- **ASSIGNMENT**
Of all the lines below, return only those starting with the line holding "any function of" and going on through the line holding "ultimately obtain m", exactly as written.

Stored items from a collection:
BEGIN

(* Consider Algorithm AUX with parameter $t_0$ on an instance satisfying the standing assumption, with an edge labeling as in the context. For any two distinct offline vertices $u,v$ and every $t\in[0,1]$, we have $g_{u,v}(t)\le g(t)$.
   Context: **Model.** Poisson arrival model. Each online type $i$ independently arrives according to a Poisson process of rate $\lambda_i$ on $[0,1]$. On arrival, a vertex is immediately and irrevocably matched to an unmatched offline neighbor or discarded. Each offline vertex is matched at most once. The instance is a bipartite graph $(I,J,E)$ with rates $\lambda_i>0$. **Standing assumption.** There are values $x_{ij}\ge0$ (an optimal Jaillet–Lu LP solution) with $\sum_i x_{ij}=1$ for all $j$, and each type is one of two kinds: - first-class: one neighbor $j$, with $x_{ij}=\lambda_i$; - second-class: two neighbors $j_1,j_2$, with $x_{ij_1}=x_{ij_2}=\lambda_i/2$. **Labeling.** Each edge is labeled first-class or second-class. Edges of first-class types are labeled first-class. For every $j$, the first-class-labeled edges at $j$ have total $x$-value $1-\ln2$. **Reference process.** $H$ has offline vertices $a,b$; a type of rate $2\ln2$ adjacent to both; and types of rate $1-\ln2$ adjacent only to $a$, resp. only to $b$. Algorithm RES with parameter $t_0$ works as follows: - single-neighbor arrivals are matched if their neighbor is unmatched; - a two-neighbor arrival at time $t>t_0$ with an unmatched neighbor is matched to a uniformly random unmatched neighbor. On $H$ under RES, $f(t)$ is the probability that a given offline vertex is matched by time $t$, $g(t)$ the probability both are, and $\bar g=1-g$. **Algorithm AUX (parameter $t_0$).** Under AUX: - $f_u(t)$ is the probability that offline $u$ is matched by time $t$, and $\bar f_u=1-f_u$; - $g_{u,v}(t)$ is the probability that both $u$ and $v$ are matched by time $t$; - $g'_{u,v}(t)$ is the probability that both are unmatched at time $t$. Edges are used only if their offline endpoint is unmatched. - A first-class arrival is matched to its neighbor if possible. - A second-class arrival of type $i$ with neighbors $u,v$ chooses at most one edge, with disjoint probabilities: - each first-class-labeled edge $(i,u)$ with probability $1/2$; - if the arrival time is $t>t_0$, each second-class-labeled edge $(i,u)$ with probability $\frac12\min\{\bar g(t)/(2\bar f_u(t)-g'_{u,v}(t)),1\}$ if $v$ is unmatched, or $\min\{\bar g(t)/(2\bar f_u(t)-g'_{u,v}(t)),1\}$ if $v$ is matched. *)

theory Defs
  imports "HOL-Analysis.Analysis"
begin

text \<open>A state is the set S of matched offline
vertices. rate t S u is the instantaneous rate (at time t, in state S) at which the
unmatched offline vertex u becomes matched. The law p t S = Pr[matched set at time t = S]
of such a (Poisson-driven) process is characterised by the Kolmogorov forward equation,
written in integral form because the rates jump at t0.\<close>

definition ctmc_law :: "'j set \<Rightarrow> (real \<Rightarrow> 'j set \<Rightarrow> 'j \<Rightarrow> real)
    \<Rightarrow> (real \<Rightarrow> 'j set \<Rightarrow> real) \<Rightarrow> bool" where
  "ctmc_law J rate p \<longleftrightarrow>
     (\<forall>S. S \<subseteq> J \<longrightarrow> p 0 S = (if S = {} then 1 else 0)) \<and>
     (\<forall>t\<in>{0..1}. \<forall>S. S \<subseteq> J \<longrightarrow>
        ((\<lambda>s. (\<Sum>u\<in>S. p s (S - {u}) * rate s (S - {u}) u)
              - p s S * (\<Sum>u\<in>J - S. rate s S u))
         has_integral (p t S - p 0 S)) {0..t})"

text \<open>Reference process H (offline vertices True = a, False = b) under RES.\<close>

definition res_rate :: "real \<Rightarrow> real \<Rightarrow> bool set \<Rightarrow> bool \<Rightarrow> real" where
  "res_rate t0 t S u =
     (1 - ln 2) + (if t > t0 then 2 * ln 2 * (1 / real (card (UNIV - S))) else 0)"

definition fH :: "(real \<Rightarrow> bool set \<Rightarrow> real) \<Rightarrow> real \<Rightarrow> real" where
  "fH q t = (\<Sum>S\<in>{S. True \<in> S}. q t S)"

definition gH :: "(real \<Rightarrow> bool set \<Rightarrow> real) \<Rightarrow> real \<Rightarrow> real" where
  "gH q t = q t UNIV"

definition fA :: "'j set \<Rightarrow> (real \<Rightarrow> 'j set \<Rightarrow> real) \<Rightarrow> real \<Rightarrow> 'j \<Rightarrow> real" where
  "fA J p t u = (\<Sum>S\<in>{S. S \<subseteq> J \<and> u \<in> S}. p t S)"

definition gA :: "'j set \<Rightarrow> (real \<Rightarrow> 'j set \<Rightarrow> real) \<Rightarrow> real \<Rightarrow> 'j \<Rightarrow> 'j \<Rightarrow> real" where
  "gA J p t u v = (\<Sum>S\<in>{S. S \<subseteq> J \<and> u \<in> S \<and> v \<in> S}. p t S)"

definition gA' :: "'j set \<Rightarrow> (real \<Rightarrow> 'j set \<Rightarrow> real) \<Rightarrow> real \<Rightarrow> 'j \<Rightarrow> 'j \<Rightarrow> real" where
  "gA' J p t u v = (\<Sum>S\<in>{S. S \<subseteq> J \<and> u \<notin> S \<and> v \<notin> S}. p t S)"

text \<open>Probability that an arrival of type i at time t in state S (with u unmatched)
chooses the edge (i,u). lab i u: edge (i,u) is labeled first-class.
gbar is the function 1 - g of the reference process.\<close>

definition aux_choice :: "'j set \<Rightarrow> ('i \<Rightarrow> 'j set) \<Rightarrow> ('i \<Rightarrow> 'j \<Rightarrow> bool) \<Rightarrow> real
    \<Rightarrow> (real \<Rightarrow> real) \<Rightarrow> (real \<Rightarrow> 'j set \<Rightarrow> real) \<Rightarrow> real \<Rightarrow> 'j set \<Rightarrow> 'i \<Rightarrow> 'j \<Rightarrow> real" where
  "aux_choice J N lab t0 gbar p t S i u =
     (if card (N i) = 1 then 1
      else (let v = the_elem (N i - {u}) in
        if lab i u then 1 / 2
        else if t > t0 then
          (if v \<notin> S then 1 / 2 else 1) *
            min (gbar t / (2 * (1 - fA J p t u) - gA' J p t u v)) 1
        else 0))"

definition aux_rate :: "'i set \<Rightarrow> 'j set \<Rightarrow> ('i \<Rightarrow> 'j set) \<Rightarrow> ('i \<Rightarrow> real) \<Rightarrow> ('i \<Rightarrow> 'j \<Rightarrow> bool)
    \<Rightarrow> real \<Rightarrow> (real \<Rightarrow> real) \<Rightarrow> (real \<Rightarrow> 'j set \<Rightarrow> real) \<Rightarrow> real \<Rightarrow> 'j set \<Rightarrow> 'j \<Rightarrow> real" where
  "aux_rate I J N lam lab t0 gbar p t S u =
     (\<Sum>i\<in>{i\<in>I. u \<in> N i}. lam i * aux_choice J N lab t0 gbar p t S i u)"

end

theory Submission
  imports Defs
begin

(* Both processes are Markov chains on the set of matched offline vertices, so the expectation of
   any function of the state satisfies the integrated forward equation d/dt E[phi] = E[L phi].
   All comparisons go through a barrier argument: a function that starts nonnegative and whose
   derivative is nonnegative wherever the function is negative stays nonnegative.

   First, under AUX an unmatched vertex u is matched at rate at most
   (1 - ln 2) (1 - f_u) + ln 2 gbar (the last term only after t0; the normalisation of the
   second-class choices is designed for this), while the mean matching probability of a vertex of H
   grows at exactly this rate with f_u replaced by it; hence f_u <= f.
   Second, every AUX rate is at most 1 - ln 2 + 2 ln 2 [t > t0], the rate at which a vertex of H
   is matched once the other one is. So g_{u,v} grows at most at this rate times
   f_u + f_v - 2 g_{u,v}, which by the first step is below the growth rate of g as soon as
   g_{u,v} > g. *)

lemma nonneg_invariant_has_integral:
  fixes D h :: "real \<Rightarrow> real"
  assumes D_int: "\<And>t. t \<in> {a..b} \<Longrightarrow> (h has_integral (D t - D a)) {a..t}"
    and D_a: "D a \<ge> 0"
    and h_nonneg: "\<And>s. s \<in> {a..b} \<Longrightarrow> D s < 0 \<Longrightarrow> h s \<ge> 0"
    and t: "t \<in> {a..b}"
  shows "D t \<ge> 0"
proof (rule ccontr)
  assume "\<not> D t \<ge> 0"
  hence neg: "D t < 0" by simp
  have D_eq: "D y = D a + integral {a..y} h" if "y \<in> {a..b}" for y
    using integral_unique[OF D_int[OF that]] by simp
  have cont: "continuous_on {a..b} D"
  proof -
    have "h integrable_on {a..b}" using D_int[of b] t by auto
    then have "continuous_on {a..b} (\<lambda>y. D a + integral {a..y} h)"
      by (intro continuous_intros indefinite_integral_continuous_1)
    then show ?thesis using D_eq by (metis (no_types, lifting) continuous_on_cong)
  qed
  \<comment> \<open>m = max Z is the last time before t with D m \<ge> 0; as D < 0 on (m, t], D increases there\<close>
  define Z where "Z = {a..t} \<inter> D -` {0..}"
  have "compact Z" unfolding Z_def compact_eq_bounded_closed
  proof
    show "closed ({a..t} \<inter> D -` {0..})"
      by (rule continuous_closed_preimage) (use cont t in \<open>auto intro: continuous_on_subset\<close>)
  qed (meson bounded_Int bounded_closed_interval)
  moreover have "a \<in> Z" using D_a t by (auto simp: Z_def)
  ultimately obtain m where m: "m \<in> Z" "\<forall>y\<in>Z. y \<le> m"
    using compact_attains_sup by blast
  have m_bounds: "a \<le> m" "m \<le> t" "D m \<ge> 0" using m by (auto simp: Z_def)
  with neg have "m < t" by (cases "m = t") auto
  have D_le: "D s \<le> D t" if s: "m < s" "s \<le> t" for s
  proof -
    have h_int: "h integrable_on {a..t}" using D_int t by auto
    have "0 \<le> integral {s..t} h"
    proof (rule Henstock_Kurzweil_Integration.integral_nonneg)
      show "h integrable_on {s..t}"
        using h_int s m_bounds integrable_subinterval_real by fastforce
      fix y assume y: "y \<in> {s..t}"
      then have "y \<in> {a..t}" "\<not> y \<le> m" using s m_bounds by auto
      then have "D y < 0" using m(2) unfolding Z_def by force
      then show "0 \<le> h y" using h_nonneg y s m_bounds t by auto
    qed
    moreover have "integral {a..s} h + integral {s..t} h = integral {a..t} h"
      by (rule Henstock_Kurzweil_Integration.integral_combine) (use s m_bounds h_int in auto)
    ultimately show ?thesis using D_eq[of s] D_eq[of t] s m_bounds t by auto
  qed
  have "m \<in> {a..b}" using m_bounds t by auto
  then obtain d where d: "d > 0" "\<forall>y\<in>{a..b}. dist y m < d \<longrightarrow> dist (D y) (D m) < - D t"
    using cont neg unfolding continuous_on_iff by (metis neg_0_less_iff_less)
  define s where "s = min (m + d / 2) t"
  have s: "m < s" "s \<le> t" "s \<in> {a..b}" "dist s m < d"
    using d m_bounds \<open>m < t\<close> t by (auto simp: s_def dist_real_def)
  then have "dist (D s) (D m) < - D t" using d by auto
  moreover have "D s \<le> D t" using D_le s by auto
  ultimately show False using m_bounds by (auto simp: dist_real_def)
qed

END

- **RESULT OF THIS TASK**
   any function of the state satisfies the integrated forward equation d/dt E[phi] = E[L phi].
   All comparisons go through a barrier argument: a function that starts nonnegative and whose
   derivative is nonnegative wherever the function is negative stays nonnegative.

   First, under AUX an unmatched vertex u is matched at rate at most
   (1 - ln 2) (1 - f_u) + ln 2 gbar (the last term only after t0; the normalisation of the
   second-class choices is designed for this), while the mean matching probability of a vertex of H
   grows at exactly this rate with f_u replaced by it; hence f_u <= f.
   Second, every AUX rate is at most 1 - ln 2 + 2 ln 2 [t > t0], the rate at which a vertex of H
   is matched once the other one is. So g_{u,v} grows at most at this rate times
   f_u + f_v - 2 g_{u,v}, which by the first step is below the growth rate of g as soon as
   g_{u,v} > g. *)

lemma nonneg_invariant_has_integral:
  fixes D h :: "real \<Rightarrow> real"
  assumes D_int: "\<And>t. t \<in> {a..b} \<Longrightarrow> (h has_integral (D t - D a)) {a..t}"
    and D_a: "D a \<ge> 0"
    and h_nonneg: "\<And>s. s \<in> {a..b} \<Longrightarrow> D s < 0 \<Longrightarrow> h s \<ge> 0"
    and t: "t \<in> {a..b}"
  shows "D t \<ge> 0"
proof (rule ccontr)
  assume "\<not> D t \<ge> 0"
  hence neg: "D t < 0" by simp
  have D_eq: "D y = D a + integral {a..y} h" if "y \<in> {a..b}" for y
    using integral_unique[OF D_int[OF that]] by simp
  have cont: "continuous_on {a..b} D"
  proof -
    have "h integrable_on {a..b}" using D_int[of b] t by auto
    then have "continuous_on {a..b} (\<lambda>y. D a + integral {a..y} h)"
      by (intro continuous_intros indefinite_integral_continuous_1)
    then show ?thesis using D_eq by (metis (no_types, lifting) continuous_on_cong)
  qed
  \<comment> \<open>m = max Z is the last time before t with D m \<ge> 0; as D < 0 on (m, t], D increases there\<close>
  define Z where "Z = {a..t} \<inter> D -` {0..}"
  have "compact Z" unfolding Z_def compact_eq_bounded_closed
  proof
    show "closed ({a..t} \<inter> D -` {0..})"
      by (rule continuous_closed_preimage) (use cont t in \<open>auto intro: continuous_on_subset\<close>)
  qed (meson bounded_Int bounded_closed_interval)
  moreover have "a \<in> Z" using D_a t by (auto simp: Z_def)
  ultimately obtain m where m: "m \<in> Z" "\<forall>y\<in>Z. y \<le> m"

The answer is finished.